Mechanisms modifying atherosclerotic disease — from lipids to vascular biology

Abstract

Recent clinical trials of three statins, pravastain, simvastatin and lovastatin, have demonstrated a major reduction in acute coronary events typically precipitated by plaque rupture. However, angiographic studies with several statins have shown that they do not appear to greatly affect the size of pre-existing plaques. These findings strongly suggest that the demonstrated protective effect of these statins is mediated through changes in plaque composition rather than size, highlighting the greater importance of composition than size in determining clinical outcome. Atherosclerotic plaques are composed of a thrombogenic lipid-rich core protected by a fibrous cap comprising smooth muscle cells (SMCs) and inflammatory cells, predominantly macrophages. SMCs are the only cell type in the atherosclerotic plaque capable of synthesizing a strong fibrous cap. Their survival is therefore crucial to plaque stability. In contrast, inflammatory cells such as macrophages increase the risk of plaque rupture by a number of mechanisms. Thus, in atherosclerosis, there is a balance between the influence of inflammatory cells tending towards plaque instability and the reparative influence of SMCs tending to plaque stability.

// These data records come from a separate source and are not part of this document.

(* If two ordered forests $\mathcal F,\mathcal F'$ have the same underlying unlabelled rooted forest, then the commutative images $\phi(R_{\mathcal F})$ and $\phi(R_{\mathcal F'})$ (with $\phi:a_{ij}\mapsto x_{ij}$ applied to the realization) are equal. Writing $R^{\overline{\mathcal F}}$ for this common image, where $\overline{\mathcal F}$ is the underlying rooted forest, the elements $R^{\overline{\mathcal F}}$, $\overline{\mathcal F}$ ranging over all rooted forests, form a basis of the (realized) Connes–Kreimer Hopf algebra.
   Context: An ordered forest on $n$ vertices is a rooted forest with vertex set $[n]$ (labels unrelated to the structure); its edge set $E(\mathcal F)$ consists of the pairs $(l,p(l))$, $p$ the parent map. $\mathcal G\le\mathcal F$ iff $E(\mathcal F)\subseteq E(\mathcal G)$ (both on $[n]$). First realization: $A=\{a_{ij}:0\le i<j\}$ with $a_{ij}\prec a_{kl}$ iff $j=k$; $S^{\mathcal F}$ is the sum of words $w_1\cdots w_n$ over $A$ with $w_k\prec w_l$ whenever $k$ is the parent of $l$. $R_{\mathcal F}=\sum_{\mathcal G\le\mathcal F}(-1)^{|E(\mathcal F)|-|E(\mathcal G)|}S^{\mathcal G}$. $\phi$ sends $a_{ij}$ to commuting indeterminates $x_{ij}$; $\phi(S^{\mathcal F})$ depends only on the underlying rooted forest, and the span of the $\phi(S^{\mathcal F})$ is a realization of the Connes–Kreimer Hopf algebra, in which $\phi(S^{\mathcal F})$ for distinct underlying rooted forests are linearly independent. *)

theory Defs
  imports Main "HOL-Library.Multiset"
begin

text \<open>An ordered forest on n vertices: vertex set {1..n}, parent map p (None = root).\<close>

definition forest_edges :: "(nat \<Rightarrow> nat option) \<Rightarrow> (nat \<times> nat) set" where
  "forest_edges p = {(l, k). p l = Some k}"

definition ordered_forest :: "nat \<Rightarrow> (nat \<Rightarrow> nat option) \<Rightarrow> bool" where
  "ordered_forest n p \<longleftrightarrow>
     (\<forall>l k. p l = Some k \<longrightarrow> l \<in> {1..n} \<and> k \<in> {1..n}) \<and> acyclic (forest_edges p)"

definition same_underlying :: "nat \<Rightarrow> (nat \<Rightarrow> nat option) \<Rightarrow> (nat \<Rightarrow> nat option) \<Rightarrow> bool" where
  "same_underlying n p p' \<longleftrightarrow>
     (\<exists>\<sigma>. bij_betw \<sigma> {1..n} {1..n} \<and> (\<forall>l\<in>{1..n}. p' (\<sigma> l) = map_option \<sigma> (p l)))"

text \<open>Letters a_ij are pairs (i,j) with i < j; a_ij precedes a_kl iff j = k.\<close>
definition letter_prec :: "nat \<times> nat \<Rightarrow> nat \<times> nat \<Rightarrow> bool" where
  "letter_prec a b \<longleftrightarrow> snd a = fst b"

text \<open>S^F as a formal series: coefficient of the word w (positions 1..n are w!0 .. w!(n-1)).\<close>
definition S_series :: "nat \<Rightarrow> (nat \<Rightarrow> nat option) \<Rightarrow> (nat \<times> nat) list \<Rightarrow> 'k::comm_ring_1" where
  "S_series n p w =
     (if length w = n \<and> (\<forall>a\<in>set w. fst a < snd a) \<and>
         (\<forall>l k. p l = Some k \<longrightarrow> letter_prec (w ! (k - 1)) (w ! (l - 1)))
      then 1 else 0)"

definition R_series :: "nat \<Rightarrow> (nat \<Rightarrow> nat option) \<Rightarrow> (nat \<times> nat) list \<Rightarrow> 'k::comm_ring_1" where
  "R_series n p w =
     (\<Sum>q\<in>{q. ordered_forest n q \<and> forest_edges p \<subseteq> forest_edges q}.
        (-1) ^ card (forest_edges q - forest_edges p) * S_series n q w)"

text \<open>phi: commutative image; a monomial in the x_ij is a multiset of pairs.\<close>
definition phi :: "((nat \<times> nat) list \<Rightarrow> 'k::comm_ring_1) \<Rightarrow> (nat \<times> nat) multiset \<Rightarrow> 'k" where
  "phi X m = (\<Sum>w\<in>{w. mset w = m}. X w)"

definition fspan :: "('a \<Rightarrow> 'k::comm_ring_1) set \<Rightarrow> ('a \<Rightarrow> 'k) set" where
  "fspan B = {(\<lambda>x. \<Sum>g\<in>t. r g * g x) | t r. finite t \<and> t \<subseteq> B}"

end

theory Submission
  imports Defs "HOL-Combinatorics.Permutations"
begin
lemma ideal_gen_add:
  assumes S: "is_subring S" and "y1 \<in> ideal_gen S G" "y2 \<in> ideal_gen S G"
  shows "y1 + y2 \<in> ideal_gen S G"
proof -
  obtain F1 c1 where F1: "finite F1" "F1 \<subseteq> G" "\<forall>g\<in>F1. c1 g \<in> S" "y1 = (\<Sum>g\<in>F1. c1 g * g)"
    using assms(2) unfolding ideal_gen_def by blast
  obtain F2 c2 where F2: "finite F2" "F2 \<subseteq> G" "\<forall>g\<in>F2. c2 g \<in> S" "y2 = (\<Sum>g\<in>F2. c2 g * g)"
    using assms(3) unfolding ideal_gen_def by blast
  define F where "F = F1 \<union> F2"
  define c where "c g = (if g \<in> F1 then c1 g else 0) + (if g \<in> F2 then c2 g else 0)" for g
  have "(\<Sum>g\<in>F. c g * g) = (\<Sum>g\<in>F. if g \<in> F1 then c1 g * g else 0) + (\<Sum>g\<in>F. if g \<in> F2 then c2 g * g else 0)"
    unfolding c_def sum.distrib[symmetric] by (intro sum.cong refl) (auto simp: distrib_right)
  also have "\<dots> = y1 + y2"
    unfolding F1(4) F2(4) F_def using F1(1) F2(1)
    by (simp add: sum.inter_restrict[symmetric] Int_absorb1)
  finally have "y1 + y2 = (\<Sum>g\<in>F. c g * g)" ..
  moreover have "\<forall>g\<in>F. c g \<in> S" using F1(3) F2(3) subringD[OF S] unfolding c_def by auto
  ultimately show ?thesis unfolding ideal_gen_def using F1(1,2) F2(1,2) unfolding F_def
    by (intro CollectI exI[of _ "F1 \<union> F2"] exI[of _ c]) simp
qed

lemma ideal_gen_smult:
  assumes S: "is_subring S" and "s \<in> S" "y \<in> ideal_gen S G"
  shows "s * y \<in> ideal_gen S G"
proof -
  obtain F c where F: "finite F" "F \<subseteq> G" "\<forall>g\<in>F. c g \<in> S" "y = (\<Sum>g\<in>F. c g * g)"
    using assms(3) unfolding ideal_gen_def by blast
  have "s * y = (\<Sum>g\<in>F. (s * c g) * g)" using F(4) by (simp add: sum_distrib_left mult_ac)
  moreover have "\<forall>g\<in>F. s * c g \<in> S" using F(3) subringD(5)[OF S assms(2)] by auto
  ultimately show ?thesis unfolding ideal_gen_def using F(1,2)
    by (intro CollectI exI[of _ F] exI[of _ "\<lambda>g. s * c g"]) simp
qed

lemma ideal_gen_gen:
  assumes S: "is_subring S" and "g \<in> G" shows "g \<in> ideal_gen S G"
  unfolding ideal_gen_def using assms(2) subringD(2)[OF S]
  by (intro CollectI exI[of _ "{g}"] exI[of _ "\<lambda>_. 1"]) simp

lemma ideal_gen_sum:
  assumes S: "is_subring S"
  shows "(\<And>i. i \<in> A \<Longrightarrow> f i \<in> ideal_gen S G) \<Longrightarrow> sum f A \<in> ideal_gen S G"
proof (induction A rule: infinite_finite_induct)
  case (insert x F)
  thus ?case using ideal_gen_add[OF S, of "f x" G "sum f F"] by simp
qed (simp_all add: ideal_gen_0)

lemma ideal_gen_mono:
  assumes S: "is_subring S" and "G \<subseteq> ideal_gen S H"
  shows "ideal_gen S G \<subseteq> ideal_gen S H"
proof (rule ideal_gen_least)
  show "0 \<in> ideal_gen S H" by (rule ideal_gen_0)
  show "a + b \<in> ideal_gen S H" if "a \<in> ideal_gen S H" "b \<in> ideal_gen S H" for a b
    using ideal_gen_add[OF S that] .
  show "s * g \<in> ideal_gen S H" if "s \<in> S" "g \<in> G" for s g
    using ideal_gen_smult[OF S that(1)] assms(2) that(2) by auto
qed

section \<open>The integral closure is a subring closed under roots\<close>

lemma char_poly_polys_in:
  assumes R: "is_subring R" and A: "A \<in> carrier_mat n n"
    and entries: "\<And>i j. i < n \<Longrightarrow> j < n \<Longrightarrow> A $$ (i, j) \<in> R"
  shows "char_poly A \<in> polys_in R"
proof -
  have PR: "is_subring (polys_in R)" using polys_in_subring[OF R] .
  have entries': "char_poly_matrix A $$ (i,j) \<in> polys_in R" if "i < n" "j < n" for i j
  proof -
    have "char_poly_matrix A $$ (i,j) = (if i = j then [:0,1:] else 0) + [: - A $$ (i,j) :]"
      using that A unfolding char_poly_matrix_def by auto
    moreover have "[:0,1:] \<in> polys_in R"
      by (rule pCons_polys_in[OF subringD(1)[OF R] const_polys_in[OF R subringD(2)[OF R]]])
    ultimately show ?thesis
      using subringD[OF PR] const_polys_in[OF R subring_uminus[OF R entries[OF that]]] by auto
  qed
  have sign: "(signof p :: 'a poly) \<in> polys_in R" for p
    unfolding sign_def using subringD[OF PR] subring_uminus[OF PR] by auto
  have dims: "dim_row (char_poly_matrix A) = n" "dim_col (char_poly_matrix A) = n"
    using char_poly_matrix_closed[OF A] by auto
  show ?thesis
    unfolding char_poly_def det_def dims
  proof (simp, intro subring_sum[OF PR] subringD(5)[OF PR] sign subring_prod[OF PR])
    fix p i assume p: "p \<in> {p. p permutes {0..<n}}" and i: "i \<in> {0..<n}"
    have "p i \<in> {0..<n}" using permutes_in_image[of p "{0..<n}" i] p i by auto
    thus "char_poly_matrix A $$ (i, p i) \<in> polys_in R" using entries' i by auto
  qed
qed

text \<open>Determinant trick: an eigenvalue of a matrix with entries in R is integral over R,
  being a root of the (monic) characteristic polynomial.\<close>
lemma det_trick_nat:
  fixes n :: nat and g :: "nat \<Rightarrow> 'k::field"
  assumes R: "is_subring R" and g: "i0 < n" "g i0 \<noteq> 0"
    and c: "\<And>i k. c i k \<in> R"
    and eq: "\<And>i. i < n \<Longrightarrow> z * g i = (\<Sum>k<n. c i k * g k)"
  shows "integral_over R z"
proof -
  define A where "A = mat n n (\<lambda>(i,k). c i k)"
  define v where "v = vec n g"
  have A: "A \<in> carrier_mat n n" unfolding A_def by simp
  have "A *\<^sub>v v = z \<cdot>\<^sub>v v"
  proof (rule eq_vecI)
    fix i assume "i < dim_vec (z \<cdot>\<^sub>v v)"
    hence i: "i < n" unfolding v_def by simp
    have "(A *\<^sub>v v) $ i = (\<Sum>k<n. c i k * g k)"
      using i unfolding A_def v_def by (simp add: scalar_prod_def lessThan_atLeast0 row_def)
    also have "\<dots> = z * g i" using eq[OF i] by simp
    finally show "(A *\<^sub>v v) $ i = (z \<cdot>\<^sub>v v) $ i" using i unfolding v_def by simp
  qed (simp add: A_def v_def)
  moreover have "v \<noteq> 0\<^sub>v n"
  proof
    assume "v = 0\<^sub>v n" hence "v $ i0 = 0" using g by simp
    thus False using g unfolding v_def by simp
  qed
  ultimately have "eigenvalue A z"
    unfolding eigenvalue_def eigenvector_def using A by (auto simp: v_def intro!: exI[of _ v])
  hence "poly (char_poly A) z = 0" using eigenvalue_root_char_poly[OF A] by simp
  moreover have "lead_coeff (char_poly A) = 1" using degree_monic_char_poly[OF A] by simp
  moreover have "char_poly A \<in> polys_in R"
    by (rule char_poly_polys_in[OF R A]) (simp add: A_def c)
  ultimately show ?thesis unfolding integral_over_def polys_in_def by auto
qed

The implication of the successful outcome studies is that the statins tested may beneficially influence this balance either by decreasing inflammation or promoting repair or both. However, because statins do not have a uniform effect on all the biological processes contributing to plaque rupture and subsequent thrombosis, the potential benefit from treating with a statin cannot necessarily be presumed or predicted from its lipid lowering potency alone. Therefore prescription of statins to prevent cardiovascular events should be based on the evidence of outcome trials.